# Back,bis Chest,tris



## mikeCFD (Feb 21, 2002)

what is the best split for size what about reps and sets


----------



## oldfart (Feb 21, 2002)

The best split (if there is a best) is one where you get the most out of the energy put forth. At present I'm working chest and arms on day 1, day 3 is traps, lats and overall back and day 6 is legs and shoulders. I am really enjoying this routine. It's an abbreviated routine by Stuart McRobert. Start experimenting and find what works best for you. You can't make too many mistakes if you learn to stay away from overtraining.
good luck

of


----------



## Arnold (Feb 21, 2002)

I work chest & tri's together, and back & bi's together.

I usually do around 2 exercises for chest and 1 for bi's, and 2-3 exercises for back and 1-2 for tris.

I do around 5 sets per exercise, one is just a warm-up, and stay in the 6-10 rep range.

I work each muscle group once every 6 days.


----------



## bevan (Feb 22, 2002)

Don't overtrain whatever you do, sounds like your on the right track though, and getting lots of good advice from some of the other replies


----------



## Scotty the Body (Feb 22, 2002)

There's no "best Split" try diffrent things, alot of people like going with the Back Bi's  or chest tri's because you work the smaller muscle with the large so by the time you get to your Bi's or Tri's they don't need much more work, makes for a faster workout. 

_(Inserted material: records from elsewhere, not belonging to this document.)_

text \<open>A pin lying outside the bounding box of the earlier pins on side d can separate the
  previous pin from the others only by its line parallel to d. If the previous pin lies beyond the
  others on a side perpendicular to d, that line passes between them, so the new pin lies beyond the
  others on that side as well. For i \<ge> 3, p_{i-1} lies on side w_{i-1} and p_i on side w_i; these
  sides cannot be parallel, since two nested separations by parallel lines are impossible, so p_i lies
  on both sides of {p_0, ..., p_{i-2}}, i.e. in quadrant \<phi>^{-1}(w_{i-1} w_i). For i = 2 the inherited
  side is the side of the quadrant w_1 of p_1 perpendicular to w_2, the middle letter of \<phi>(w_1 w_2).\<close>

fun beyond :: "letter \<Rightarrow> pin \<Rightarrow> pin set \<Rightarrow> bool" where
  "beyond U x S = (\<forall>s\<in>S. snd s < snd x)"
| "beyond D x S = (\<forall>s\<in>S. snd x < snd s)"
| "beyond L x S = (\<forall>s\<in>S. fst x < fst s)"
| "beyond R x S = (\<forall>s\<in>S. fst s < fst x)"
| "beyond _ x S = False"

fun separates_along :: "letter \<Rightarrow> pin \<Rightarrow> pin set \<Rightarrow> pin set \<Rightarrow> bool" where
  "separates_along U = sep_vert"
| "separates_along D = sep_vert"
| "separates_along L = sep_horiz"
| "separates_along R = sep_horiz"
| "separates_along _ = (\<lambda>_ _ _. False)"

lemma beyond_subset: "S \<subseteq> T \<Longrightarrow> beyond d x T \<Longrightarrow> beyond d x S"
  by (cases d) auto

lemma beyond_vertical_not_sep_horiz:
  assumes "beyond d x (P \<union> Q)" "d = U \<or> d = D" "a \<in> P" "b \<in> Q"
  shows "\<not> sep_horiz x P Q"
  using assms unfolding sep_horiz_def by (metis UnI1 UnI2 beyond.simps(1,2) less_asym)

lemma beyond_horizontal_not_sep_vert:
  assumes "beyond d x (P \<union> Q)" "d = L \<or> d = R" "a \<in> P" "b \<in> Q"
  shows "\<not> sep_vert x P Q"
  using assms unfolding sep_vert_def by (metis UnI1 UnI2 beyond.simps(3,4) less_asym)

lemma beyond_separates_along:
  assumes "is_direction d" "beyond d x (P \<union> Q)" "P \<noteq> {}" "Q \<noteq> {}" "separates x P Q"
  shows "separates_along d x P Q"
proof -
  obtain a b where ab: "a \<in> P" "b \<in> Q" using assms(3,4) by blast
  show ?thesis
    using assms(1,5) beyond_vertical_not_sep_horiz[OF assms(2) _ ab]
      beyond_horizontal_not_sep_vert[OF assms(2) _ ab]
    by (cases d) (auto simp: separates_def)
qed

lemma separates_along_parallel:
  assumes "is_direction d1" "is_direction d2" "phi_inv d1 d2 = None"
  shows "separates_along d1 = separates_along d2"
  using assms by (cases d1; cases d2) auto

lemma separates_along_nested_False:
  assumes "separates_along d y {z} Q" "separates_along d x {y} (insert z Q)" "Q \<noteq> {}"
  shows False
proof -
  obtain a where "a \<in> Q" using assms(3) by blast
  then show False
    using assms(1,2) by (cases d) (simp_all add: sep_horiz_def sep_vert_def; meson less_asym less_trans)+
qed
lemma sec_S_sine_example:
  assumes "a > 0"
  shows "sec_S a (\<lambda>(x, y). (sin (2 * pi * x), 0)) (\<lambda>(x, y). (0, (sin (2 * pi * x))\<^sup>2)) < 0"
proof -
  let ?s = "\<lambda>x. sin (2 * pi * x)"
  let ?K = "\<lambda>x. ?s x * ?s x * ?s x * ?s x * deriv ?s x * deriv ?s x"
  have s: "smooth1 ?s" "periodic1 ?s"
    by (rule smooth1_sin_2pi, rule periodic1_sin_2pi)
  have "sec_S a (\<lambda>(x, y). (?s x, 0)) (\<lambda>(x, y). (0, (?s x)\<^sup>2)) =
      sec_S a (xfield ?s (\<lambda>_. 0)) (xfield (\<lambda>_. 0) (\<lambda>x. ?s x * ?s x))"
    by (simp add: xfield_def power2_eq_square)
  also have "\<dots> = a * integral {0..1} (\<lambda>x. curv_x ?s (\<lambda>_. 0) (\<lambda>_. 0) (\<lambda>x. ?s x * ?s x) x * ?s x)"
    using assms s by (simp add: sec_S_xfield)
  also have "\<dots> = a * integral {0..1} (\<lambda>x. - 15/4 * ?K x)"
    using s by (subst integral_add_deriv_periodic1[OF _ _ _ sec_S_density_sine_example]) simp_all
  also have "\<dots> = - 15/4 * a * integral {0..1} ?K"
    by simp
  finally have S: "sec_S a (\<lambda>(x, y). (?s x, 0)) (\<lambda>(x, y). (0, (?s x)\<^sup>2)) = - 15/4 * a * integral {0..1} ?K" .
  have "?K (1/8) \<noteq> 0"
    by (simp add: deriv_sin_2pi sin_45 cos_45)
  moreover have "smooth1 ?K"
    using s by simp
  moreover have "?K x \<ge> 0" for x
  proof -
    have "?K x = (?s x * ?s x * deriv ?s x)\<^sup>2"
      by (simp add: power2_eq_square)
    then show ?thesis by simp
  qed
  ultimately have "integral {0..1} ?K > 0"
    by (intro integral_pos_if_continuous_nonneg[where c = "1/8"] smooth1_continuous_on) auto
  then show ?thesis
    unfolding S using assms by (simp add: mult_pos_pos)
qed

theorem proposition7p2:
  fixes a :: real
  assumes "a > 0"
  shows "(\<forall>f g :: real \<Rightarrow> real.
            smooth f \<and> smooth g \<and> (\<forall>x. f (x + 1) = f x) \<and> (\<forall>x. g (x + 1) = g x) \<longrightarrow>
            sec_S a (\<lambda>(x, y). (f x, 0)) (\<lambda>(x, y). (g x, 0))
              = a * integral (cbox (0,0) (1,1))
                  (\<lambda>(x::real, y::real). (f x * deriv g x - g x * deriv f x)\<^sup>2)
            \<and> sec_S a (\<lambda>(x, y). (f x, 0)) (\<lambda>(x, y). (g x, 0)) \<ge> 0)
       \<and> sec_S a (\<lambda>(x, y). (sin (2 * pi * x), 0)) (\<lambda>(x, y). (0, (sin (2 * pi * x))\<^sup>2)) < 0"
  using sec_S_x_fields[OF assms] sec_S_sine_example[OF assms] by blast

end
section \<open>The substitution\<close>

lemma gmul_grass_monom_12_commute:
  assumes "1 \<le> k"
  shows "gmul (grass_monom {1, 2} 1) (grass_monom {k} 1) = gmul (grass_monom {k} 1) (grass_monom {1, 2} (1::'k::ring_1))"
proof (cases "k \<in> {1, 2}")
  case False
  with assms have "3 \<le> k" by auto
  then have no_inv: "{(s, t). s \<in> {1, 2::nat} \<and> t \<in> {k} \<and> t < s} = {}"
    and two_inv: "{(s, t). s \<in> {k} \<and> t \<in> {1, 2::nat} \<and> t < s} = {(k, 1), (k, 2)}"
    by auto
  have "grass_sgn {1, 2} {k} = (1::'k)" "grass_sgn {k} {1, 2} = (1::'k)"
    using \<open>3 \<le> k\<close> unfolding grass_sgn_def no_inv two_inv by simp_all
  with False show ?thesis
    by (simp add: gmul_grass_monom_monom insert_commute)
qed (auto simp: gmul_grass_monom_monom)

definition gen_value :: "nat \<Rightarrow> 'k::ring_1 utm" where
  "gen_value j = (if j = 1 then gone else 0, if j = 2 then gone else 0, grass_monom {j} 1)"

definition test_poly :: "nat \<Rightarrow> nat \<Rightarrow> 'k ncpoly" where
  "test_poly n i =
     (if i = n + 1 then PMul (PVar 1) (PVar 1) else if i = n + 2 then PMul (PVar 1) (PVar 2) else PVar i)"

definition test_value :: "nat \<Rightarrow> nat \<Rightarrow> 'k::ring_1 utm" where
  "test_value n i = peval gen_value (test_poly n i)"

lemma gen_value_in_algA: "gen_value j \<in> algA"
  using gone_in_grassmann_even zero_in_grassmann_even grass_monom_in_grassmann[of "{j}"]
  by (auto simp: algA_def gen_value_def grassmann_even_def)

lemma pvars_test_poly: "2 \<le> n \<Longrightarrow> i \<in> {1..n+2} \<Longrightarrow> pvars (test_poly n i) \<subseteq> {1..n}"
  by (auto simp: test_poly_def)

context
  fixes n :: nat
  assumes n_ge_2: "2 \<le> n"
begin

lemma test_value_low: "i \<in> {1..n} \<Longrightarrow> test_value n i = gen_value i"
  by (simp add: test_value_def test_poly_def)

lemma test_value_Suc: "test_value n (Suc n) = (gone, 0, 0)"
  using n_ge_2 by (simp add: test_value_def test_poly_def gen_value_def gmul_grass_monom_monom)

lemma test_value_Suc_Suc: "test_value n (Suc (Suc n)) = (0, gone, grass_monom {1, 2} 1)"
  using n_ge_2
  by (simp add: test_value_def test_poly_def gen_value_def gmul_grass_monom_monom
      grass_sgn_singletons insert_commute)

lemma upper_left_test_value: "i \<in> {1..n+2} \<Longrightarrow> upper_left (test_value n i) \<in> {0, gone}"
  by (cases "i \<le> n") (auto simp: test_value_low gen_value_def le_Suc_eq test_value_Suc test_value_Suc_Suc)

lemma lower_right_test_value:
  "i \<in> {1..n+2} \<Longrightarrow> lower_right (test_value n i) =
     (if i \<le> n then grass_monom {i} 1 else if i = Suc n then 0 else grass_monom {1, 2} 1)"
  by (cases "i \<le> n") (auto simp: test_value_low gen_value_def le_Suc_eq test_value_Suc test_value_Suc_Suc)

lemma upper_left_acomm_test_value:
  assumes "i \<in> {1..n+2}" "j \<in> {1..n+2}"
  shows "upper_left (acomm (test_value n i) (test_value n j) :: 'k::ring_1 utm) = 0"
proof -
  have "upper_left (test_value n i :: 'k utm) \<in> {0, gone}" "upper_left (test_value n j :: 'k utm) \<in> {0, gone}"
    by (rule upper_left_test_value[OF assms(1)], rule upper_left_test_value[OF assms(2)])
  then show ?thesis
    by (auto simp: acomm_components)
qed

lemma lower_right_acomm_test_value_low:
  assumes "i \<in> {1..n}" "j \<in> {1..n}" "i \<noteq> j"
  shows "lower_right (acomm (test_value n i) (test_value n j)) = grass_monom {i, j} (2 * grass_sgn {i} {j})"
  using assms
  by (simp add: acomm_components test_value_low gen_value_def gmul_grass_monom_monom
      grass_monom_diff grass_sgn_singletons insert_commute)

lemma lower_right_acomm_test_value_high:
  assumes "i \<in> {1..n+2}" "j \<in> {1..n+2}" "n < i \<or> n < j"
  shows "lower_right (acomm (test_value n i) (test_value n j) :: 'k::ring_1 utm) = 0"
proof -
  have "gmul (lower_right (test_value n i :: 'k utm)) (lower_right (test_value n j))
          = gmul (lower_right (test_value n j)) (lower_right (test_value n i))"
    using assms gmul_grass_monom_12_commute[of i, where 'k = 'k] gmul_grass_monom_12_commute[of j, where 'k = 'k]
    by (auto simp: lower_right_test_value)
  then show ?thesis
    by (simp add: acomm_components)
qed

lemma upper_right_acomm_test_value_high:
  assumes "{i, j} = {Suc n, Suc (Suc n)}"
  shows "upper_right (acomm (test_value n i) (test_value n j)) {} = (if j < i then -1 else 1)"
  using assms
  by (auto simp: doubleton_eq_iff acomm_components test_value_Suc test_value_Suc_Suc gone_def)

end

section \<open>Evaluating the summands of \<open>f5\<close>\<close>

lemma sum_fun_apply: "(sum f A) x = (\<Sum>a\<in>A. f a x)"
  by (induction A rule: infinite_finite_induct) auto

definition f5_term :: "nat \<Rightarrow> nat \<Rightarrow> (nat \<Rightarrow> 'k::ring_1 utm) \<Rightarrow> (nat \<Rightarrow> nat) \<Rightarrow> 'k utm" where
  "f5_term m n y \<sigma> =
     foldl amul
       (foldl acomm (acomm (y (\<sigma> 1)) (y (\<sigma> 2))) (replicate (m - n - 2) (y 1)))
       (map (\<lambda>i. acomm (y (\<sigma> (2*i+1))) (y (\<sigma> (2*i+2)))) [1..<n div 2 + 1])"

lemma f5_eq_sum_f5_term:
  "f5 m n y = (\<Sum>\<sigma> | \<sigma> permutes {1..n+2}. asmul (of_int (sign \<sigma>)) (f5_term m n y \<sigma>))"
  by (simp add: f5_def f5_term_def)

lemma permutes_image_tail:
  fixes n :: nat
  assumes "\<sigma> permutes {1..n+2}" "\<sigma> ` {1, 2} = {n + 1, n + 2}"
  shows "\<sigma> ` {3..<n+3} = {1..n}"
proof -
  have "{3..<n+3} = {1..n+2} - {1, 2}"
    by fastforce
  then have "\<sigma> ` {3..<n+3} = \<sigma> ` {1..n+2} - \<sigma> ` {1, 2}"
    using permutes_inj[OF assms(1)] by (simp add: image_set_diff)
  also have "\<dots> = {1..n+2} - {n + 1, n + 2}"
    using assms by (simp only: permutes_image)
  also have "\<dots> = {1..n}"
    by fastforce
  finally show ?thesis .
qed

lemma permutes_high_value_in_tail:
  fixes n :: nat
  assumes "\<sigma> permutes {1..n+2}" "\<sigma> ` {1, 2} \<noteq> {n + 1, n + 2}"
  shows "\<exists>j \<in> {3..<n+3}. n < \<sigma> j"
proof (rule ccontr)
  assume low: "\<not> ?thesis"
  have "{1..n+2} = {1, 2} \<union> {3..<n+3}"
    by auto
  then have "{n + 1, n + 2} \<subseteq> \<sigma> ` {1, 2} \<union> \<sigma> ` {3..<n+3}"
    using permutes_image[OF assms(1)] by auto
  moreover have "k \<notin> \<sigma> ` {3..<n+3}" if "n < k" for k
    using low that by auto
  ultimately have "{n + 1, n + 2} \<subseteq> \<sigma> ` {1, 2}"
    by auto
  moreover have "card (\<sigma> ` {1, 2}) \<le> card {n + 1, n + 2}"
    using card_image_le[of "{1, 2::nat}" \<sigma>] by simp
  ultimately have "{n + 1, n + 2} = \<sigma> ` {1, 2}"
    by (intro card_seteq) auto
  with assms(2) show False
    by simp
qed

lemma sign_extra_first:
  fixes n :: nat
  assumes "\<sigma> permutes {1..n+2}" "\<sigma> ` {1, 2} = {n + 1, n + 2}"
  shows "sign \<sigma> = (-1) ^ (card (inversions \<sigma> {1, 2}) + card (inversions \<sigma> {3..<n+3}))"
proof -
  have "\<sigma> j < \<sigma> i" if "i \<in> {1, 2}" "j \<in> {3..<n+3}" for i j
  proof -
    have "\<sigma> j \<in> {1..n}" using that(2) permutes_image_tail[OF assms] by blast
    moreover have "\<sigma> i \<in> {n + 1, n + 2}" using that(1) assms(2) by blast
    ultimately show ?thesis by auto
  qed
  then have "{(i, j). i \<in> {1, 2} \<and> j \<in> {3..<n+3} \<and> \<sigma> j < \<sigma> i} = {1, 2} \<times> {3..<n+3}"
    by blast
  moreover have "card (inversions \<sigma> ({1, 2} \<union> {3..<n+3}))
      = card (inversions \<sigma> {1, 2}) + card (inversions \<sigma> {3..<n+3})
        + card {(i, j). i \<in> {1, 2} \<and> j \<in> {3..<n+3} \<and> \<sigma> j < \<sigma> i}"
    by (rule card_inversions_Un) auto
  moreover have "{1, 2} \<union> {3..<n+3} = {1..n+2}"
    by fastforce
  ultimately have "card (inversions \<sigma> {1..n+2})
               = card (inversions \<sigma> {1, 2}) + card (inversions \<sigma> {3..<n+3}) + 2 * n"
    by (simp add: card_cartesian_product)
  then show ?thesis
    using sign_eq_card_inversions[OF assms(1)] by (simp add: power_add power_mult)
qed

I've don't Back/bi's   Chest/tri's   Chest/back    Bi's/tri's    chest/bi's   and Back/tri's.    They're all good. 

Rep range for mas is generally from 4-6 HEAVY weight.


----------



## mikeCFD (Feb 27, 2002)

Thanks guys I was reading about doing one body part a day and doing bis and tris togrther..


----------



## Bigtex111 (Mar 2, 2002)

I agree with oldfart.  Constant change though is key for me to keep progressing.


----------